A intervenção militar não se destina de modo nenhum a proteger os direitos da minoria albanesa, a não ser que os ditos interesses da minoria albanesa valham toda a tragédia que vive a imensa maioria jugoslava. O que NATO pretende é ter tropas no Kosovo, na Jugoslávia. Só isso explica que Madeleine Albright tenha imposto em Rambouillet um plano que conduziria a breve prazo o Kosovo a uma secessão, salvaguardada com a presença de tropas da NATO. É possível, é imaginável, dois estados albaneses, um fora da Jugoslávia e outro na Jugoslávia? Como pode a NATO falar de tragédias humanitárias quando é cúmplice de enormes tragédias que varrem Timor-Leste, Angola, Curdistão, Palestina, Sahara Ocidental e Chipre ?
Portugal deve retirar os seus aviões e os seus militares desta aventura. O governo português decidiu mal e à revelia da Assembleia da República, alegando que Portugal estava a participar numa acção humanitária. Como é possível semelhante desaforo? Como é possível dizer que Portugal não participa nas acções militares porque os seus aviões não bombardeiam, apenas se limitam a acções de reconhecimento? Acaso há bombardeamentos sem acções de reconhecimento?

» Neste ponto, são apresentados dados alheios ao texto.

(* In the setting of the context, suppose that $\rho:=\rho_{\mathcal A_\nu,\mathcal S_{\log},\pi_{\log}}$ is proper, convex, and lower semicontinuous with respect to $\tau_{\log}$. Then for all $X\in\mathcal C$, $$\eta_{\mathfrak R}(X)=\sup_{\varphi\in\mathcal D_{\ge1}}\exp\Big(\varphi(X)-\sup_{Y\in\mathcal B_{\tilde\rho}}\varphi(Y)-\sup_{Z\in\mathcal S}\big(\varphi(Z)-\log\pi(Z)\big)\Big),$$ where $\mathcal D_{\ge1}$ is the set of all log-linear $\tau$-continuous $\varphi\colon\mathcal C\to\mathbb R$ such that $\varphi(X)\ge0$ for all $X\in\mathcal C\cap\mathcal K$ with $X\ge1$ a.s.
   Context: Probability space $(\Omega,\mathcal F,P)$; $L^0_{++}$ = a.s. strictly positive random variables; $L^\infty_{++}=L^\infty\cap L^0_{++}$; $\frac{\mathcal A}{\mathcal D}=\{AD^{-1}\}$. Setting: nonempty $\mathcal C,\mathcal S,\mathcal K\subset L^0_{++}$ with $\frac{\mathcal C}{\mathcal S}\subset\mathcal K$, $\mathcal K$ a cone, $(\mathcal C,\cdot)$ a group, and (so that all expressions are defined) $\mathcal K\subset\mathcal C$ and $\mathcal S\subset\mathcal C$; pricing map $\pi\colon\mathcal S\to(0,\infty)$. $\mathcal C_{\log},\mathcal S_{\log},\mathcal K_{\log}$ are the images under $\log$. $\mathcal C_{\log}$ is equipped with a topology $\tau_{\log}$ making it a locally convex topological vector space; $\mathcal C$ carries $\tau=\{\exp(U):U\in\tau_{\log}\}$, so $\exp$ is a homeomorphism. A map $\varphi\colon\mathcal C\to\mathbb R$ is log-linear if $\varphi(X^\alpha Y^\beta)=\alpha\varphi(X)+\beta\varphi(Y)$ for $X,Y\in\mathcal C$, $\alpha,\beta\in\mathbb R$; equivalently the log-linear $\tau$-continuous maps are exactly $\psi\circ\log$ with $\psi$ in the topological dual of $\mathcal C_{\log}$. A return risk measure (RRM), with $L^\infty_{++}\subset\mathcal K$, is a positively homogeneous nondecreasing $\tilde\rho\colon\mathcal K\to(0,\infty)$ with $\tilde\rho(1)=1$; $\mathcal B_{\tilde\rho}=\{K\in\mathcal K:\tilde\rho(K)\le1\}$; $\mathfrak R=(\mathcal B_{\tilde\rho},\mathcal S,\pi)$; MARRM $\eta_{\mathfrak R}(X)=\inf\{\pi(Z):Z\in\mathcal S,\ X/Z\in\mathcal B_{\tilde\rho}\}$. Further $\nu=\log\circ\tilde\rho\circ\exp$, $\mathcal A_\nu=\{Y\in\mathcal K_{\log}:\nu(Y)\le0\}$, $\pi_{\log}=\log\circ\pi\circ\exp$ on $\mathcal S_{\log}$, and $\rho_{\mathcal A_\nu,\mathcal S_{\log},\pi_{\log}}(X_{\log})=\inf\{\pi_{\log}(L):L\in\mathcal S_{\log},\ X_{\log}-L\in\mathcal A_\nu\}$ on $\mathcal C_{\log}$. Proper means: never $-\infty$ and finite at some point. Conventions $\exp(-\infty)=0$, $\exp(\infty)=\infty$. *)

theory Defs
  imports "HOL-Probability.Probability"
begin

text \<open>Random variables are real-valued functions on the sample space; elements of
  L0_{++} are represented by measurable, (everywhere) strictly positive representatives.\<close>

definition L0pp :: "'a measure \<Rightarrow> ('a \<Rightarrow> real) set" where
  "L0pp M = {X. X \<in> borel_measurable M \<and> (\<forall>\<omega>. 0 < X \<omega>)}"

definition Linfpp :: "'a measure \<Rightarrow> ('a \<Rightarrow> real) set" where
  "Linfpp M = {X \<in> L0pp M. \<exists>c. AE \<omega> in M. X \<omega> \<le> c}"

definition lnv :: "('a \<Rightarrow> real) \<Rightarrow> ('a \<Rightarrow> real)" where
  "lnv X = (\<lambda>\<omega>. ln (X \<omega>))"

definition expv :: "('a \<Rightarrow> real) \<Rightarrow> ('a \<Rightarrow> real)" where
  "expv X = (\<lambda>\<omega>. exp (X \<omega>))"

fun eexp :: "ereal \<Rightarrow> ereal" where
  "eexp (ereal x) = ereal (exp x)"
| "eexp PInfty = PInfty"
| "eexp MInfty = 0"

definition lctvs :: "('a \<Rightarrow> real) set \<Rightarrow> ('a \<Rightarrow> real) topology \<Rightarrow> bool" where
  "lctvs V T \<longleftrightarrow>
     topspace T = V \<and>
     (\<lambda>\<omega>. 0) \<in> V \<and>
     (\<forall>f\<in>V. \<forall>g\<in>V. (\<lambda>\<omega>. f \<omega> + g \<omega>) \<in> V) \<and>
     (\<forall>a::real. \<forall>f\<in>V. (\<lambda>\<omega>. a * f \<omega>) \<in> V) \<and>
     continuous_map (prod_topology T T) T (\<lambda>(f, g). \<lambda>\<omega>. f \<omega> + g \<omega>) \<and>
     continuous_map (prod_topology euclideanreal T) T (\<lambda>(a, f). \<lambda>\<omega>. a * f \<omega>) \<and>
     Hausdorff_space T \<and>
     (\<forall>x\<in>V. \<forall>U. openin T U \<and> x \<in> U \<longrightarrow>
        (\<exists>W. openin T W \<and> x \<in> W \<and> W \<subseteq> U \<and>
             (\<forall>f\<in>W. \<forall>g\<in>W. \<forall>t::real. 0 \<le> t \<and> t \<le> 1 \<longrightarrow>
                 (\<lambda>\<omega>. t * f \<omega> + (1 - t) * g \<omega>) \<in> W)))"

text \<open>The topology tau on C: the sets exp(U), U open in tau_log (equivalently
  the pullback of tau_log along the pointwise log on C).\<close>
definition tau_of :: "('a \<Rightarrow> real) set \<Rightarrow> ('a \<Rightarrow> real) topology \<Rightarrow> ('a \<Rightarrow> real) topology" where
  "tau_of C Tlog = pullback_topology C lnv Tlog"

definition log_linear :: "('a \<Rightarrow> real) set \<Rightarrow> (('a \<Rightarrow> real) \<Rightarrow> real) \<Rightarrow> bool" where
  "log_linear C \<phi> \<longleftrightarrow> (\<forall>X\<in>C. \<forall>Y\<in>C. \<forall>\<alpha> \<beta>::real.
      \<phi> (\<lambda>\<omega>. X \<omega> powr \<alpha> * Y \<omega> powr \<beta>) = \<alpha> * \<phi> X + \<beta> * \<phi> Y)"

É tempo de parar a participação nesta aventura e nesta guerra ao serviço dos interesses dos EUA e outras grandes potências. Os problemas dos Balcãs não se resolvem com bombas, por muito inteligentes que elas sejam. As bombas, os mísseis que caem sobre a Jugoslávia, destroem e matam. Não resolvem nenhum problema. Agravam todos os que já existiam e trazem novas catástrofes, a não ser que não sejam catástrofes humanitárias porque os mortos são jugoslavos...

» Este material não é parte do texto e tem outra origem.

text \<open>
  Let |\<alpha>| \<ge> 2 and pick i with \<alpha>_i \<ge> 1. Splitting the i-th block of variables of
  x \<in> U^{<\<alpha>>} into x^{(i)}_0 and x^{(i)}_1, ..., x^{(i)}_{\<alpha>_i} turns x into a point x' of
  (U^{<e_i>})^{<\<beta>>}, where \<beta> gives the first part order 0 and the second order \<alpha>_i - 1, so
  |\<beta>| = |\<alpha>| - 1. The recursion for univariate divided differences, which comes from the partial
  fraction decomposition of 1 / \<Prod>_m (t - y_m), gives f^{>\<alpha><}(x) = (f^{>e_i<})^{>\<beta><}(x') on
  U^{>\<alpha><}. Every coordinate of x' is a coordinate of x, so x \<mapsto> (f^{<e_i>})^{<\<beta>>}(x') is a
  continuous extension of f^{>\<alpha><} and inherits Hoelder estimates from (f^{<e_i>})^{<\<beta>>}; this
  proves (a). For (b) this extension must be identified with f^{<\<alpha>>}: continuous extensions into
  the Hausdorff space F are unique because U^{>\<alpha><} is dense in U^{<\<alpha>>}, which is the only place
  where the hypotheses on the field and on U are used.
\<close>

section \<open>Partial fractions and univariate divided differences\<close>

lemma inverse_partial_fraction_step:
  fixes t b c P :: "'k::field"
  assumes "t \<noteq> c" "t \<noteq> b" "b \<noteq> c" "P \<noteq> 0"
  shows "inverse (t - c) * inverse ((c - b) * P) + inverse ((t - b) * ((b - c) * P))
       = inverse (t - c) * inverse ((t - b) * P)"
proof -
  have nz: "c - b \<noteq> 0" "t - c \<noteq> 0" "t - b \<noteq> 0" using assms by auto
  have resolvent: "inverse (t - c) - inverse (t - b) = (c - b) * (inverse (t - c) * inverse (t - b))"
    using nz by (simp add: field_simps)
  have a1: "inverse ((c - b) * P) = inverse (c - b) * inverse P"
    by (simp add: inverse_mult_distrib)
  have "inverse (b - c) = - inverse (c - b)"
    by (metis inverse_minus_eq minus_diff_eq)
  then have a2: "inverse ((t - b) * ((b - c) * P)) = - (inverse (t - b) * inverse (c - b) * inverse P)"
    by (simp add: inverse_mult_distrib)
  have "inverse (t - c) * inverse ((c - b) * P) + inverse ((t - b) * ((b - c) * P))
      = (inverse (t - c) - inverse (t - b)) * inverse (c - b) * inverse P"
    unfolding a1 a2 by (simp add: algebra_simps)
  also have "\<dots> = ((c - b) * inverse (c - b)) * (inverse (t - c) * (inverse (t - b) * inverse P))"
    unfolding resolvent by (simp add: ac_simps)
  also have "\<dots> = inverse (t - c) * inverse ((t - b) * P)"
    using nz by (simp add: inverse_mult_distrib)
  finally show ?thesis .
qed

lemma sum_inverse_partial_fractions:
  fixes y :: "'b \<Rightarrow> 'k::field"
  assumes "finite B" "B \<noteq> {}" "inj_on y B" "t \<notin> y ` B"
  shows "(\<Sum>b\<in>B. inverse ((t - y b) * (\<Prod>m\<in>B - {b}. y b - y m))) = inverse (\<Prod>m\<in>B. t - y m)"
  using assms
proof (induction B arbitrary: t rule: finite_ne_induct)
  case (singleton b)
  then show ?case by simp
next
  case (insert c B)
  define P where "P b = (\<Prod>m\<in>B - {b}. y b - y m)" for b
  have inj: "inj_on y B" and cB: "y c \<notin> y ` B" and tB: "t \<notin> y ` B"
    using insert by auto
  have IHc: "(\<Sum>b\<in>B. inverse ((y c - y b) * P b)) = inverse (\<Prod>m\<in>B. y c - y m)"
    and IHt: "(\<Sum>b\<in>B. inverse ((t - y b) * P b)) = inverse (\<Prod>m\<in>B. t - y m)"
    using insert.IH[OF inj cB] insert.IH[OF inj tB] unfolding P_def by simp_all
  have P_nz: "P b \<noteq> 0" if "b \<in> B" for b
    unfolding P_def using that inj insert.hyps by (auto simp: inj_on_def)
  have P_insert: "(\<Prod>m\<in>insert c B - {b}. y b - y m) = (y b - y c) * P b" if "b \<in> B" for b
  proof -
    have "insert c B - {b} = insert c (B - {b})" using that insert.hyps by auto
    then show ?thesis unfolding P_def using insert.hyps by simp
  qed
  have "insert c B - {c} = B" using insert.hyps by auto
  then have "(\<Sum>b\<in>insert c B. inverse ((t - y b) * (\<Prod>m\<in>insert c B - {b}. y b - y m)))
      = inverse ((t - y c) * (\<Prod>m\<in>B. y c - y m)) + (\<Sum>b\<in>B. inverse ((t - y b) * ((y b - y c) * P b)))"
    using insert.hyps P_insert by simp
  also have "\<dots> = inverse (t - y c) * (\<Sum>b\<in>B. inverse ((y c - y b) * P b))
        + (\<Sum>b\<in>B. inverse ((t - y b) * ((y b - y c) * P b)))"
    unfolding IHc by (simp only: inverse_mult_distrib)
  also have "\<dots> = (\<Sum>b\<in>B. inverse (t - y c) * inverse ((t - y b) * P b))"
    unfolding sum_distrib_left sum.distrib[symmetric]
  proof (rule sum.cong[OF refl])
    fix b assume b: "b \<in> B"
    have "t \<noteq> y c" "t \<noteq> y b" using insert.prems b by auto
    moreover have "y b \<noteq> y c" using cB b by (metis imageI)
    ultimately show "inverse (t - y c) * inverse ((y c - y b) * P b) + inverse ((t - y b) * ((y b - y c) * P b))
        = inverse (t - y c) * inverse ((t - y b) * P b)"
      by (rule inverse_partial_fraction_step[OF _ _ _ P_nz[OF b]])
  qed
  also have "\<dots> = inverse (t - y c) * (\<Sum>b\<in>B. inverse ((t - y b) * P b))"
    by (simp only: sum_distrib_left)
  also have "\<dots> = inverse (\<Prod>m\<in>insert c B. t - y m)"
    unfolding IHt using insert.hyps by (simp add: inverse_mult_distrib)
  finally show ?case .
qed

A guerra à Jugoslávia pretende inaugurar um novo (velho) ciclo nas relações internacionais: o ciclo do mais forte. Outrora a Inglaterra imperial mostrava a bandeira por esse mundo e todos se deviam vergar. Querem agora a NATO e os EUA impor uma nova ordem na qual lhes baste mostrar os mísseis para que todos se rendam. É perigosa e criará seguramente uma enorme desestabilização, mas tal como a velha ordem foi derrotada esta nova velha também o será. Os países e os povos não o vão aceitar, aliás já não o estão a aceitar.